Special temporary contributions
Under the Special Temporary Security Contribution on Financial Transactions (Contribución Especial por Transacciones Financieras Proseguridad Poblacional), financial transactions are subject to a contribution of L 2.00 per thousand, or fraction thereof, subject to certain exceptions.
Companies providing mobile communication services are required to pay a special temporary contribution of 1% on gross monthly income.
Under the special temporary environmental protection contribution applicable to the mining sector, a 2% levy is imposed on the free on board (FOB) value of exports.

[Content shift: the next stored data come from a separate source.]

lemma Limsup_ratio_le_of_eventually_le:
  assumes f_pos: "\<forall>\<^sub>F x in at_top. 0 < f x"
    and "\<forall>\<^sub>F x in at_top. \<forall>l\<in>{1..\<Lambda>}. f (l * x) \<le> C * l powr a * f x"
  shows "Limsup at_top (\<lambda>x. SUP l\<in>{1..\<Lambda>}. ereal (f (l * x) / (l powr a * f x))) \<le> ereal C"
proof (rule Limsup_bounded)
  show "\<forall>\<^sub>F x in at_top. (SUP l\<in>{1..\<Lambda>}. ereal (f (l * x) / (l powr a * f x))) \<le> ereal C"
    using assms
  proof eventually_elim
    case (elim x)
    show ?case
    proof (rule SUP_least)
      fix l assume "l \<in> {1..\<Lambda>}"
      then show "ereal (f (l * x) / (l powr a * f x)) \<le> ereal C"
        using elim by (simp add: pos_divide_le_eq mult.assoc)
    qed
  qed
qed

lemma eventually_ge_of_Liminf_ratio_greater:
  assumes f_pos: "\<forall>\<^sub>F x in at_top. 0 < f x"
    and "ereal D < Liminf at_top (\<lambda>x. INF l\<in>{1..\<Lambda>}. ereal (f (l * x) / (l powr b * f x)))"
      (is "_ < Liminf at_top ?ratio")
  shows "\<forall>\<^sub>F x in at_top. \<forall>l\<in>{1..\<Lambda>}. D * l powr b * f x \<le> f (l * x)"
  using f_pos less_LiminfD[OF assms(2)]
proof eventually_elim
  case (elim x)
  show ?case
  proof
    fix l assume l: "l \<in> {1..\<Lambda>}"
    have "ereal D < ?ratio x"
      by (rule elim(2))
    also have "\<dots> \<le> ereal (f (l * x) / (l powr b * f x))"
      by (rule INF_lower[OF l])
    finally show "D * l powr b * f x \<le> f (l * x)"
      using l elim(1) by (simp add: pos_less_divide_eq mult.assoc)
  qed
qed

lemma Liminf_ratio_ge_of_eventually_ge:
  assumes f_pos: "\<forall>\<^sub>F x in at_top. 0 < f x"
    and "\<forall>\<^sub>F x in at_top. \<forall>l\<in>{1..\<Lambda>}. D * l powr b * f x \<le> f (l * x)"
  shows "ereal D \<le> Liminf at_top (\<lambda>x. INF l\<in>{1..\<Lambda>}. ereal (f (l * x) / (l powr b * f x)))"
proof (rule Liminf_bounded)
  show "\<forall>\<^sub>F x in at_top. ereal D \<le> (INF l\<in>{1..\<Lambda>}. ereal (f (l * x) / (l powr b * f x)))"
    using assms
  proof eventually_elim
    case (elim x)
    show ?case
    proof (rule INF_greatest)
      fix l assume "l \<in> {1..\<Lambda>}"
      then show "ereal D \<le> ereal (f (l * x) / (l powr b * f x))"
        using elim by (simp add: pos_le_divide_eq mult.assoc)
    qed
  qed
qed

lemma Limsup_ratio_bounded_iff_upper_exponent:
  assumes f_pos: "\<forall>\<^sub>F x in at_top. 0 < f x"
  shows "(\<exists>C>0. \<forall>\<Lambda>>1. Limsup at_top
            (\<lambda>x. SUP l\<in>{1..\<Lambda>}. ereal (f (l * x) / (l powr a * f x))) \<le> ereal C)
         \<longleftrightarrow> upper_exponent f a"
    (is "(\<exists>C>0. \<forall>\<Lambda>>1. ?Limsup \<Lambda> \<le> _) \<longleftrightarrow> _")
proof
  assume "\<exists>C>0. \<forall>\<Lambda>>1. ?Limsup \<Lambda> \<le> ereal C"
  then obtain C where "C > 0" and C: "\<And>\<Lambda>. \<Lambda> > 1 \<Longrightarrow> ?Limsup \<Lambda> \<le> ereal C"
    by blast
  have "\<forall>\<^sub>F x in at_top. \<forall>l\<in>{1..\<Lambda>}. f (l * x) \<le> (C + 1) * l powr a * f x" if "\<Lambda> > 1" for \<Lambda>
    by (rule eventually_le_of_Limsup_ratio_less[OF f_pos order.strict_trans1[OF C[OF that]]]) simp
  moreover have "C + 1 > 0"
    using \<open>C > 0\<close> by simp
  ultimately show "upper_exponent f a"
    unfolding upper_exponent_def by blast
next
  assume "upper_exponent f a"
  then obtain C where "C > 0"
    and C: "\<And>\<Lambda>. \<Lambda> > 1 \<Longrightarrow> \<forall>\<^sub>F x in at_top. \<forall>l\<in>{1..\<Lambda>}. f (l * x) \<le> C * l powr a * f x"
    unfolding upper_exponent_def by blast
  show "\<exists>C>0. \<forall>\<Lambda>>1. ?Limsup \<Lambda> \<le> ereal C"
  proof (intro exI[of _ C] conjI allI impI)
    fix \<Lambda> :: real assume "\<Lambda> > 1"
    then show "?Limsup \<Lambda> \<le> ereal C"
      by (rule Limsup_ratio_le_of_eventually_le[OF f_pos C])
  qed (rule \<open>C > 0\<close>)
qed

lemma Liminf_ratio_bounded_iff_lower_exponent:
  assumes f_pos: "\<forall>\<^sub>F x in at_top. 0 < f x"
  shows "(\<exists>D>0. \<forall>\<Lambda>>1. Liminf at_top
            (\<lambda>x. INF l\<in>{1..\<Lambda>}. ereal (f (l * x) / (l powr b * f x))) \<ge> ereal D)
         \<longleftrightarrow> lower_exponent f b"
    (is "(\<exists>D>0. \<forall>\<Lambda>>1. ?Liminf \<Lambda> \<ge> _) \<longleftrightarrow> _")
proof
  assume "\<exists>D>0. \<forall>\<Lambda>>1. ?Liminf \<Lambda> \<ge> ereal D"
  then obtain D where "D > 0" and D: "\<And>\<Lambda>. \<Lambda> > 1 \<Longrightarrow> ?Liminf \<Lambda> \<ge> ereal D"
    by blast
  have "\<forall>\<^sub>F x in at_top. \<forall>l\<in>{1..\<Lambda>}. D / 2 * l powr b * f x \<le> f (l * x)" if "\<Lambda> > 1" for \<Lambda>
    by (rule eventually_ge_of_Liminf_ratio_greater[OF f_pos order.strict_trans2[OF _ D[OF that]]])
      (use \<open>D > 0\<close> in simp)
  moreover have "D / 2 > 0"
    using \<open>D > 0\<close> by simp
  ultimately show "lower_exponent f b"
    unfolding lower_exponent_def by blast
next
  assume "lower_exponent f b"
  then obtain D where "D > 0"
    and D: "\<And>\<Lambda>. \<Lambda> > 1 \<Longrightarrow> \<forall>\<^sub>F x in at_top. \<forall>l\<in>{1..\<Lambda>}. D * l powr b * f x \<le> f (l * x)"
    unfolding lower_exponent_def by blast
  show "\<exists>D>0. \<forall>\<Lambda>>1. ?Liminf \<Lambda> \<ge> ereal D"
  proof (intro exI[of _ D] conjI allI impI)
    fix \<Lambda> :: real assume "\<Lambda> > 1"
    then show "?Liminf \<Lambda> \<ge> ereal D"
      by (rule Liminf_ratio_ge_of_eventually_ge[OF f_pos D])
  qed (rule \<open>D > 0\<close>)
qed

lemma alpha_index_eq_Inf_upper_exponent:
  assumes "\<forall>\<^sub>F x in at_top. 0 < f x"
  shows "alpha_index f = Inf {ereal a | a. upper_exponent f a}"
  unfolding alpha_index_def Limsup_ratio_bounded_iff_upper_exponent[OF assms] ..

lemma beta_index_eq_Sup_lower_exponent:
  assumes "\<forall>\<^sub>F x in at_top. 0 < f x"
  shows "beta_index f = Sup {ereal b | b. lower_exponent f b}"
  unfolding beta_index_def Liminf_ratio_bounded_iff_lower_exponent[OF assms] ..

section \<open>A nondecreasing function and its logarithmic primitive\<close>

lemma has_integral_inverse_ln:
  fixes a b :: real
  assumes "0 < a" "a \<le> b"
  shows "((\<lambda>u. 1 / u) has_integral (ln b - ln a)) {a..b}"
proof (rule fundamental_theorem_of_calculus[OF \<open>a \<le> b\<close>])
  fix x assume "x \<in> {a..b}"
  then have "(ln has_real_derivative 1 / x) (at x)"
    using \<open>0 < a\<close> DERIV_ln[of x] by (simp add: divide_inverse)
  then show "(ln has_vector_derivative 1 / x) (at x within {a..b})"
    by (simp add: has_real_derivative_iff_has_vector_derivative has_vector_derivative_at_within)
qed

lemma min_one_powr_le:
  fixes l \<Lambda> a :: real
  assumes "1 \<le> l" "l \<le> \<Lambda>"
  shows "min 1 (\<Lambda> powr a) \<le> l powr a"
proof (cases "0 \<le> a")
  case True
  then show ?thesis
    using assms ge_one_powr_ge_zero by (simp add: min.coboundedI1)
next
  case False
  then show ?thesis
    using assms by (simp add: min.coboundedI2 powr_mono2')
qed

lemma mono_lower_exponent_nonpos:
  assumes "mono f" and f_nonneg: "\<forall>\<^sub>F x in at_top. 0 \<le> f x" and "b \<le> 0"
  shows "lower_exponent f b"
  unfolding lower_exponent_def
proof (intro exI[of _ 1] conjI allI impI)
  fix \<Lambda> :: real
  show "\<forall>\<^sub>F x in at_top. \<forall>l\<in>{1..\<Lambda>}. 1 * l powr b * f x \<le> f (l * x)"
    using f_nonneg eventually_gt_at_top[of 0]
  proof eventually_elim
    case (elim x)
    show ?case
    proof
      fix l assume l: "l \<in> {1..\<Lambda>}"
      have "l powr b \<le> 1"
        using l \<open>b \<le> 0\<close> powr_mono[of b 0 l] by simp
      then have "l powr b * f x \<le> f x"
        using elim(1) by (simp add: mult_left_le_one_le)
      also have "f x \<le> f (l * x)"
        using l elim(2) by (intro monoD[OF \<open>mono f\<close>]) simp
      finally show "1 * l powr b * f x \<le> f (l * x)"
        by simp
    qed
  qed
qed simp

locale logarithmic_primitive =
  fixes f F :: "real \<Rightarrow> real"
  assumes mono_f: "mono f"
    and f_nonneg: "0 \<le> f x"
    and eventually_f_pos: "\<forall>\<^sub>F x in at_top. 0 < f x"
    and has_integral_F: "0 < a \<Longrightarrow> a \<le> b \<Longrightarrow> ((\<lambda>u. f u / u) has_integral (F b - F a)) {a..b}"
begin

lemma has_integral_F_dilate:
  assumes "0 < l" "0 < a" "a \<le> b"
  shows "((\<lambda>u. f (l * u) / u) has_integral (F (l * b) - F (l * a))) {a..b}"
proof -
  have "((\<lambda>u. f u / u) has_integral (F (l * b) - F (l * a))) {l * a..l * b}"
    using assms by (intro has_integral_F) auto
  from has_integral_stretch_real[OF this, of l]
  have "((\<lambda>u. f (l * u) / (l * u)) has_integral (F (l * b) - F (l * a)) / l) {a..b}"
    using assms by simp
  from has_integral_mult_right[OF this, of l] show ?thesis
    using assms by simp
qed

The special temporary contribution applicable to the food and beverage sector operating under special tax regimes is 0.5% of gross monthly income.
Finally, cooperatives are subject to a special contribution of 3.6% on annual net surplus.
Municipal taxes
Companies operating in Honduras are also subject to the rules and regulations of the respective municipalities in which they conduct business. Municipal taxes and obligations are governed by the Municipal Tax Ordinance, which establishes the applicable local taxes, fees, and charges.
Key municipal tax obligations typically include the following:
- Industry, commerce, and services tax, generally calculated on the basis of annual gross income (see the Taxes on Corporate Income section).
- Public services fee, payable for municipal services such as waste collection and disposal.
- Real estate tax, levied on the ownership of urban and rural real estate.
- Sign tax, imposed on outdoor advertising and public signage.